— Хе, — усмехнулся он. — Итак понятно какой. Великий русский.

— Назовите свои работы? — женщина даже сощурилась под очками.

— А нет у них названия, — ответил художник и, как всегда, завилял задом.

— Назовите хотя бы жанр, в котором творите, — женщина усмехнулась, и все усмехнулись следом за ней.

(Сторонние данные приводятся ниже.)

(* Let $n\ge 3$ and $k\ge 1$ be integers, $a=nk+1$, $S=\{a\}\cup[2a-n,\,2a-2]$ and $G=\langle S\rangle$. For $i\in[0,k-1]$ let $A_{i,k}=\{(2i+1)a\}\cup[(2i+2)a-(i+1)n,\,(2i+2)a-2]$ and $B_{i,k}=\{(2i+2)a\}\cup[(2i+3)a-(i+1)n,\,(2i+3)a-2]$, and let $H=\{0\}\cup\bigcup_{i=0}^{k-1}(A_{i,k}\cup B_{i,k})\cup[2ka,\infty[$. Then: (1) $H$ is a numerical semigroup; (2) $G=H$; (3) $H$ is an $n$-permutation numerical semigroup.
   Context: $\mathbb{N}=\{0,1,2,\dots\}$. A numerical semigroup is a submonoid $G$ of $(\mathbb{N},+,0)$ with $\mathbb{N}\setminus G$ finite; $\langle S\rangle$ is the submonoid generated by $S$. Writing the elements of a numerical semigroup as $0=g_0<g_1<g_2<\cdots$, it is an $n$-permutation numerical semigroup if it is generated by $\{g_1,\dots,g_n\}$ and for every $m\in\mathbb{N}$ the tuple $(g_{mn+1}\bmod n,\dots,g_{mn+n}\bmod n)$ contains exactly one representative of each residue class of $\mathbb{Z}/n\mathbb{Z}$. Notation: $[u,v]=\{x\in\mathbb{N}:u\le x\le v\}$, $[u,\infty[=\{x\in\mathbb{N}:x\ge u\}$. *)

theory Defs
  imports Main "HOL-Library.Infinite_Set"
begin

definition submonoid :: "nat set \<Rightarrow> bool" where
  "submonoid G \<longleftrightarrow> 0 \<in> G \<and> (\<forall>x\<in>G. \<forall>y\<in>G. x + y \<in> G)"

definition numerical_semigroup :: "nat set \<Rightarrow> bool" where
  "numerical_semigroup G \<longleftrightarrow> submonoid G \<and> finite (UNIV - G)"

definition gen :: "nat set \<Rightarrow> nat set" where
  "gen S = \<Inter>{M. submonoid M \<and> S \<subseteq> M}"

text \<open>Elements g_0 < g_1 < ... of G, i.e. g_i = enumerate G i.\<close>
definition n_permutation_ns :: "nat \<Rightarrow> nat set \<Rightarrow> bool" where
  "n_permutation_ns n G \<longleftrightarrow> numerical_semigroup G
     \<and> G = gen (enumerate G ` {1..n})
     \<and> (\<forall>m::nat. bij_betw (\<lambda>j. enumerate G (m * n + j) mod n) {1..n} {0..<n})"

definition Aset :: "nat \<Rightarrow> nat \<Rightarrow> nat \<Rightarrow> nat set" where
  "Aset n k i = (let a = n * k + 1 in
     {(2*i+1) * a} \<union> {(2*i+2) * a - (i+1) * n .. (2*i+2) * a - 2})"

definition Bset :: "nat \<Rightarrow> nat \<Rightarrow> nat \<Rightarrow> nat set" where
  "Bset n k i = (let a = n * k + 1 in
     {(2*i+2) * a} \<union> {(2*i+3) * a - (i+1) * n .. (2*i+3) * a - 2})"

definition Hset :: "nat \<Rightarrow> nat \<Rightarrow> nat set" where
  "Hset n k = {0} \<union> (\<Union>i\<in>{0..k-1}. Aset n k i \<union> Bset n k i) \<union> {2 * k * (n * k + 1)..}"

end

theory Submission
  imports Defs
begin

text \<open>Write \<open>x = q a + r\<close> with \<open>r < a\<close>. Below \<open>2ka\<close>, the elements of \<open>H\<close> in the level
  \<open>[qa, (q+1)a[\<close> (\<open>q \<ge> 1\<close>) are \<open>qa\<close> and a block of consecutive integers ending at
  \<open>(q+1)a - 2\<close>, of length \<open>\<lceil>q/2\<rceil> n - 1\<close>. Two blocks add up, with a carry, into the block of level
  \<open>q\<^sub>1 + q\<^sub>2 + 1\<close>, which is wide enough since \<open>\<lceil>q\<^sub>1/2\<rceil> + \<lceil>q\<^sub>2/2\<rceil> \<le> \<lceil>(q\<^sub>1+q\<^sub>2+1)/2\<rceil>\<close>;
  so \<open>H\<close> is closed under addition. Subtracting \<open>a\<close> or some \<open>2a - t\<close> (\<open>2 \<le> t \<le> n\<close>) from a
  nonzero element always leaves an element of \<open>H\<close>, so \<open>S\<close> generates \<open>H\<close>. Finally
  \<open>a \<equiv> 1 (mod n)\<close>, so the residues mod \<open>n\<close> along a level are consecutive, and every level has
  \<open>\<lceil>q/2\<rceil> n\<close> elements; hence each window of \<open>n\<close> elements starting at an index \<open>\<equiv> 1 (mod n)\<close> lies in one level
  (or in the tail \<open>[2ka, \<infinity>[\<close>) and runs through \<open>n\<close> consecutive residues.\<close>

lemma bij_betw_shifted_mod: "bij_betw (\<lambda>t. (c + t) mod n) {1..n} {0..<(n::nat)}"
proof (cases "n = 0")
  case False
  have "u = v" if "u \<in> {1..n}" "v \<in> {1..n}" "u \<le> v" "(c + u) mod n = (c + v) mod n" for u v
  proof -
    have "n dvd v - u" using that(3,4) mod_eq_dvd_iff_nat[of "c + u" "c + v" n] by simp
    moreover have "v - u < n" using that(1,2) by auto
    ultimately show "u = v" using that(3) dvd_imp_le by fastforce
  qed
  then have "inj_on (\<lambda>t. (c + t) mod n) {1..n}"
    unfolding inj_on_def by (metis nat_le_linear)
  moreover have "(\<lambda>t. (c + t) mod n) ` {1..n} \<subseteq> {0..<n}" using False by auto
  ultimately show ?thesis
    by (simp add: bij_betw_def card_image card_subset_eq)
qed simp

lemma enumerate_Suc_eqI:
  fixes S :: "nat set"
  assumes "infinite S" "enumerate S p = z" "y \<in> S" "z < y" "\<And>w. z < w \<Longrightarrow> w < y \<Longrightarrow> w \<notin> S"
  shows "enumerate S (Suc p) = y"
  unfolding enumerate_Suc''[OF assms(1)] assms(2)
  by (rule Least_equality) (use assms(3-5) in \<open>auto simp: not_less[symmetric]\<close>)

lemma enumerate_add_interval:
  fixes S :: "nat set"
  assumes "infinite S" "enumerate S p = z" "{z..z+m} \<subseteq> S" "t \<le> m"
  shows "enumerate S (p + t) = z + t"
  using assms(4)
proof (induction t)
  case (Suc t)
  have "enumerate S (Suc (p + t)) = Suc (z + t)"
    using Suc assms(3) by (intro enumerate_Suc_eqI[OF assms(1)]) auto
  then show ?case by simp
qed (use assms(2) in simp)

lemma gen_least: "submonoid M \<Longrightarrow> S \<subseteq> M \<Longrightarrow> gen S \<subseteq> M"
  unfolding gen_def by blast

lemma submonoid_gen: "submonoid (gen S)"
  unfolding gen_def submonoid_def by blast

lemma subset_gen_by_descent:
  assumes "\<And>x. x \<in> M \<Longrightarrow> x \<noteq> 0 \<Longrightarrow> \<exists>s\<in>S. 0 < s \<and> s \<le> x \<and> x - s \<in> M"
  shows "M \<subseteq> gen S"
proof
  fix x assume "x \<in> M"
  then show "x \<in> gen S"
  proof (induction x rule: less_induct)
    case (less x)
    show ?case
    proof (cases "x = 0")
      case True then show ?thesis using submonoid_gen unfolding submonoid_def by simp
    next
      case False
      then obtain s where s: "s \<in> S" "0 < s" "s \<le> x" "x - s \<in> M" using assms less.prems by blast
      then have "s \<in> gen S" "x - s \<in> gen S" using less.IH[of "x - s"] unfolding gen_def by auto
      then have "s + (x - s) \<in> gen S" using submonoid_gen unfolding submonoid_def by blast
      then show ?thesis using s(3) by simp
    qed
  qed
qed

lemma UN_odd_even:
  fixes m :: nat
  shows "(\<Union>i<m. f (2 * i + 1) \<union> f (2 * i + 2)) = (\<Union>q\<in>{1..2 * m}. f q)"
proof (rule set_eqI)
  fix x
  have "(\<exists>i<m. x \<in> f (2 * i + 1) \<or> x \<in> f (2 * i + 2)) \<longleftrightarrow> (\<exists>q\<in>{1..2 * m}. x \<in> f q)"
  proof
    assume "\<exists>q\<in>{1..2 * m}. x \<in> f q"
    then obtain q where q: "1 \<le> q" "q \<le> 2 * m" "x \<in> f q" by auto
    then have "q = 2 * ((q - 1) div 2) + 1 \<or> q = 2 * ((q - 1) div 2) + 2" "(q - 1) div 2 < m"
      by presburger+
    then show "\<exists>i<m. x \<in> f (2 * i + 1) \<or> x \<in> f (2 * i + 2)"
      using q(3) by metis
  qed auto
  then show "x \<in> (\<Union>i<m. f (2 * i + 1) \<union> f (2 * i + 2)) \<longleftrightarrow> x \<in> (\<Union>q\<in>{1..2 * m}. f q)" by auto
qed

locale block_semigroup =
  fixes n k :: nat
  assumes n_ge_3: "3 \<le> n" and k_ge_1: "1 \<le> k"
begin

definition a :: nat where "a = n * k + 1"

definition S :: "nat set" where "S = {a} \<union> {2 * a - n .. 2 * a - 2}"

definition width :: "nat \<Rightarrow> nat" where "width q = (q + 1) div 2"

definition digits_in_H :: "nat \<Rightarrow> nat \<Rightarrow> bool" where
  "digits_in_H q r \<longleftrightarrow> 2 * k \<le> q \<or> (1 \<le> q \<and> (r = 0 \<or> a - width q * n \<le> r \<and> r \<le> a - 2))"

definition H :: "nat set" where "H = {x. x = 0 \<or> digits_in_H (x div a) (x mod a)}"

definition block :: "nat \<Rightarrow> nat set" where "block q = {q * a + (a - width q * n) .. q * a + (a - 2)}"

lemma n_lt_a: "n < a"
  using mult_le_mono2[OF k_ge_1, of n] unfolding a_def by linarith

lemma a_ge_4: "4 \<le> a"
  using mult_le_mono[OF n_ge_3 k_ge_1] unfolding a_def by simp

lemma width_le: "q \<le> 2 * k \<Longrightarrow> width q \<le> k"
  unfolding width_def by simp

lemma width_pos: "1 \<le> q \<Longrightarrow> 1 \<le> width q"
  unfolding width_def by simp

lemma width_mono: "q \<le> q' \<Longrightarrow> width q \<le> width q'"
  unfolding width_def by (simp add: div_le_mono)

lemma width_add_le: "width q1 + width q2 \<le> width (q1 + q2 + 1)"
  unfolding width_def by presburger

lemma a_minus_width: "q \<le> 2 * k \<Longrightarrow> a - width q * n = (k - width q) * n + 1"
proof -
  assume "q \<le> 2 * k"
  then have "width q * n \<le> n * k" using width_le mult_le_mono1 by (metis mult.commute)
  moreover have "(k - width q) * n = n * k - width q * n" by (simp add: diff_mult_distrib mult.commute[of n k])
  ultimately show ?thesis unfolding a_def by linarith
qed

lemma mult_n_lt_a: "j \<le> k \<Longrightarrow> j * n < a"
  using mult_le_mono1[of j k n] mult.commute[of n k] unfolding a_def by linarith

lemma width_mult_lt_a: "q \<le> 2 * k \<Longrightarrow> width q * n < a"
  using width_le mult_n_lt_a by blast

lemma mem_H_iff: "r < a \<Longrightarrow> q * a + r \<in> H \<longleftrightarrow> q * a + r = 0 \<or> digits_in_H q r"
  unfolding H_def using a_ge_4 by simp

lemma level_decomp: obtains q r where "x = q * a + r" "r < a"
  using a_ge_4 by (metis div_mult_mod_eq mod_less_divisor zero_less_numeral less_le_trans)

lemma zero_mem_H: "0 \<in> H"
  unfolding H_def by simp

lemma mult_a_mem_H: "1 \<le> q \<Longrightarrow> q * a \<in> H"
  using mem_H_iff[of 0 q] a_ge_4 unfolding digits_in_H_def by simp

lemma block_mem_H: assumes "x \<in> block q" "1 \<le> q" "q \<le> 2 * k" shows "x \<in> H"
proof -
  have "x = q * a + (x - q * a)" "a - width q * n \<le> x - q * a" "x - q * a \<le> a - 2"
    using assms(1) unfolding block_def by auto
  then show "x \<in> H" using mem_H_iff[of "x - q * a" q] assms(2) a_ge_4 unfolding digits_in_H_def by auto
qed

lemma tail_mem_H: "2 * k * a \<le> x \<Longrightarrow> x \<in> H"
  unfolding H_def digits_in_H_def using a_ge_4 by (simp add: less_eq_div_iff_mult_less_eq)

lemma H_eq_levels: "H = {0} \<union> (\<Union>q\<in>{1..2 * k}. insert (q * a) (block q)) \<union> {2 * k * a..}"
proof
  show "H \<subseteq> {0} \<union> (\<Union>q\<in>{1..2 * k}. insert (q * a) (block q)) \<union> {2 * k * a..}"
  proof
    fix x assume "x \<in> H"
    define q r where "q = x div a" and "r = x mod a"
    have x: "x = q * a + r" "r < a" using a_ge_4 unfolding q_def r_def by (simp_all add: div_mult_mod_eq)
    show "x \<in> {0} \<union> (\<Union>q\<in>{1..2 * k}. insert (q * a) (block q)) \<union> {2 * k * a..}"
    proof (cases "x = 0 \<or> 2 * k \<le> q")
      case True
      moreover have "2 * k \<le> q \<Longrightarrow> 2 * k * a \<le> x" using x(1) mult_le_mono1[of "2 * k" q a] by linarith
      ultimately show ?thesis by auto
    next
      case False
      then have "1 \<le> q" "q < 2 * k" "r = 0 \<or> a - width q * n \<le> r \<and> r \<le> a - 2"
        using \<open>x \<in> H\<close> mem_H_iff[OF x(2)] x(1) unfolding digits_in_H_def by auto
      then have "x \<in> insert (q * a) (block q)" using x unfolding block_def by auto
      then show ?thesis using \<open>1 \<le> q\<close> \<open>q < 2 * k\<close> by auto
    qed
  qed
  show "{0} \<union> (\<Union>q\<in>{1..2 * k}. insert (q * a) (block q)) \<union> {2 * k * a..} \<subseteq> H"
    using zero_mem_H mult_a_mem_H block_mem_H tail_mem_H by fastforce
qed

lemma Aset_eq_level: "i < k \<Longrightarrow> Aset n k i = insert ((2 * i + 1) * a) (block (2 * i + 1))"
proof -
  assume "i < k"
  then have "width (2 * i + 1) * n < a" by (intro width_mult_lt_a) simp
  moreover have "width (2 * i + 1) = i + 1" unfolding width_def by simp
  moreover have "(2 * i + 2) * a = (2 * i + 1) * a + a" by (simp add: algebra_simps)
  ultimately have "(2 * i + 2) * a - (i + 1) * n = (2 * i + 1) * a + (a - width (2 * i + 1) * n)"
    and "(2 * i + 2) * a - 2 = (2 * i + 1) * a + (a - 2)"
    using a_ge_4 by simp_all
  then show ?thesis unfolding Aset_def Let_def block_def a_def[symmetric] by simp
qed

lemma Bset_eq_level: "i < k \<Longrightarrow> Bset n k i = insert ((2 * i + 2) * a) (block (2 * i + 2))"
proof -
  assume "i < k"
  then have "width (2 * i + 2) * n < a" by (intro width_mult_lt_a) simp
  moreover have "width (2 * i + 2) = i + 1" unfolding width_def by simp
  moreover have "(2 * i + 3) * a = (2 * i + 2) * a + a" by (simp add: algebra_simps)
  ultimately have "(2 * i + 3) * a - (i + 1) * n = (2 * i + 2) * a + (a - width (2 * i + 2) * n)"
    and "(2 * i + 3) * a - 2 = (2 * i + 2) * a + (a - 2)"
    using a_ge_4 by simp_all
  then show ?thesis unfolding Bset_def Let_def block_def a_def[symmetric] by simp
qed

lemma Hset_eq_H: "Hset n k = H"
proof -
  have "{0..k - 1} = {..<k}" using k_ge_1 by auto
  then have "(\<Union>i\<in>{0..k - 1}. Aset n k i \<union> Bset n k i) = (\<Union>q\<in>{1..2 * k}. insert (q * a) (block q))"
    using Aset_eq_level Bset_eq_level UN_odd_even[of "\<lambda>q. insert (q * a) (block q)"] by simp
  moreover have "Hset n k = {0} \<union> (\<Union>i\<in>{0..k - 1}. Aset n k i \<union> Bset n k i) \<union> {2 * k * a..}"
    unfolding Hset_def a_def ..
  ultimately show ?thesis unfolding H_eq_levels by simp
qed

— А вот мой жанр, — художник вынул из кармана какашку и показал всем.

Какашка пискнула.

Женщина приблизила к какашке нос, понюхала.

— Здравствуйте, — пролепетала какашка.

— Это что? — строго спросила женщина.

— Ягода, — скромно ответил художник.

— Это — не ягода, — ответила женщина и все следом за ней повторили — «Это — не ягода».

— А что же это, если не ягода? — спросил художник.

— Неопознанный объект, — сказала женщина и все следом за ней повторили — «Неопознанный объект».

— Раньше я была какашкой, — вставила какашка, но ее никто не услышал.

— А чем пахнет, не узнаете? — спросил художник.

— Впервые нюхаю, — ответила женщина, и все повторили — «Впервые нюхаем».

— Тогда вам надо хорошо и регулярно питаться, — сказал художник.

— Это — не искусство, — женщина показала худым длинным пальцем на какашку.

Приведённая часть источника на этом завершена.